Stephanie Nadalo

Stephanie Nadalo

Marian and Andrew Heiskell Pre-Doctoral Rome Prize
6 settembre 2010–1 agosto 2011
Professione
Department of History, Northwestern University
Titolo del progetto
Constructing Pluralism in Seventeenth-Century Livorno
Descrizione del progetto

My project explores the social, cultural, administrative, and urban solutions employed to accommodate the religiously and ethnically diverse resident population in the Tuscan port of Livorno (1591–1714). In an act of economic and political desperation, the Medici duchy constructed Livorno nearly ex novo and initiated an aggressive policy to populate the insalubrious frontier city.

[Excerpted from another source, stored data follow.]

(* Let $1\le k\le n-1$. Then $\overline{\mathrm{Im}\,R_{n-k}}=\overline{\mathrm{Im}\,(I\circ R_k)}$, closures taken in the maximum norm of $C(G(n,n-k))$.
   Context: $G(n,m)$ is the Grassmannian of $m$-dimensional subspaces of $\mathbb{R}^n$. For $E\in G(n,m)$, $R_mf(E)=\int_{S^{n-1}\cap E}f\,d\sigma_E$ ($\sigma_E$ Haar probability on $S^{n-1}\cap E$), $R_m:C(S^{n-1})\to C(G(n,m))$. $I:C(G(n,k))\to C(G(n,n-k))$ is $I(f)(E)=f(E^\perp)$. *)

theory Defs
  imports "HOL-Probability.Probability"
begin

definition grassmannian :: "nat \<Rightarrow> ('a::euclidean_space) set set" where
  "grassmannian m = {E. subspace E \<and> dim E = m}"

definition haar_sphere :: "('a::euclidean_space) set \<Rightarrow> 'a measure" where
  "haar_sphere E = (THE \<mu>.
      sets \<mu> = sets (restrict_space borel (sphere 0 1 \<inter> E)) \<and>
      prob_space \<mu> \<and>
      (\<forall>T. orthogonal_transformation T \<and> T ` E = E \<longrightarrow>
         (\<forall>A \<in> sets \<mu>. emeasure \<mu> (T -` A \<inter> space \<mu>) = emeasure \<mu> A)))"

definition radon :: "(('a::euclidean_space) \<Rightarrow> real) \<Rightarrow> 'a set \<Rightarrow> real" where
  "radon f E = integral\<^sup>L (haar_sphere E) f"

definition Csphere :: "(('a::euclidean_space) \<Rightarrow> real) set" where
  "Csphere = {f. continuous_on (sphere 0 1) f}"

definition sup_closure :: "'a set set \<Rightarrow> ('a set \<Rightarrow> real) set \<Rightarrow> ('a set \<Rightarrow> real) set" where
  "sup_closure G S = {g. \<forall>e>0. \<exists>h\<in>S. \<forall>E\<in>G. \<bar>g E - h E\<bar> \<le> e}"

end

theory Submission
  imports Defs
begin

text \<open>
  Rotation invariance of the Haar measures makes \<open>R_m\<close> of a ridge function \<open>x \<mapsto> \<phi> (a \<bullet> x)\<close>
  at \<open>E\<close> depend only on \<open>dim E\<close> and on the length of the projection \<open>P_E a\<close>. Approximate \<open>f\<close> by
  an exponential sum \<open>\<Sum> c_i exp (a_i \<bullet> x)\<close> (Stone--Weierstrass). Then \<open>R_k f (E\<^sup>\<bottom>)\<close> is close to
  \<open>\<Sum> c_i \<Psi> (sqrt (|a_i|\<^sup>2 - |P_E a_i|\<^sup>2))\<close> for one continuous function \<open>\<Psi>\<close>, whereas
  \<open>R_(n-k)\<close> of \<open>(a \<bullet> x)^(2j)\<close> at \<open>E\<close> equals \<open>C_j |P_E a|^(2j)\<close> with \<open>C_j > 0\<close>. Approximating
  \<open>q \<mapsto> \<Psi> (sqrt (|a|\<^sup>2 - q))\<close> by polynomials on \<open>[0, |a|\<^sup>2]\<close> thus approximates \<open>I \<circ> R_k f\<close>
  uniformly by functions \<open>R_(n-k) h\<close>. Exchanging \<open>k\<close> and \<open>n - k\<close> and using \<open>E\<^sup>\<bottom>\<^sup>\<bottom> = E\<close> gives
  the other inclusion.

  The Haar measures are well defined: two probability measures on a compact set that are
  invariant under isometries acting transitively on it coincide (integrate against the kernel
  \<open>max 0 (\<delta> - dist x y)\<close> and use Fubini), and one such measure is the uniform measure on the
  unit ball pushed radially onto the sphere of the subspace.
\<close>

section \<open>Orthogonal projections and orthogonal maps between subspaces\<close>

definition orthogonal_projection :: "'a::euclidean_space set \<Rightarrow> 'a \<Rightarrow> 'a" where
  "orthogonal_projection F x = (SOME y. y \<in> F \<and> x - y \<in> orthogonal_comp F)"

context
  fixes F :: "'a::euclidean_space set"
  assumes F: "subspace F"
begin

lemma orthogonal_projection_decomposition:
  "orthogonal_projection F x \<in> F \<and> x - orthogonal_projection F x \<in> orthogonal_comp F"
proof -
  have "x \<in> F + orthogonal_comp F" using subspace_sum_orthogonal_comp[OF F] by simp
  then obtain a b where "x = a + b" "a \<in> F" "b \<in> orthogonal_comp F"
    by (rule set_plus_elim)
  then have "\<exists>y. y \<in> F \<and> x - y \<in> orthogonal_comp F" by (intro exI[of _ a]) auto
  then show ?thesis unfolding orthogonal_projection_def by (rule someI_ex)
qed

lemma orthogonal_projection_in: "orthogonal_projection F x \<in> F"
  using orthogonal_projection_decomposition by blast

lemma orthogonal_projection_diff_in: "x - orthogonal_projection F x \<in> orthogonal_comp F"
  using orthogonal_projection_decomposition by blast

The 1591 Livornina legislation offered comprehensive economic, social, legal, and religious protections to Jews, Armenians, Turks, and other religious minorities. As a result, Livorno became a laboratory for architects, engineers, and administrative officials to experiment with urban solutions to accommodate the sociocultural requirements of pluralistic cohabitation and the economic and logistical demands of commerce. Drawing on methodologies from urban studies and social history, this project distinguishes the myths of state-mandated tolerance from the realities of early modern pluralism by investigating how social patterns were mediated by the port's residential, commercial, social, and religious spaces.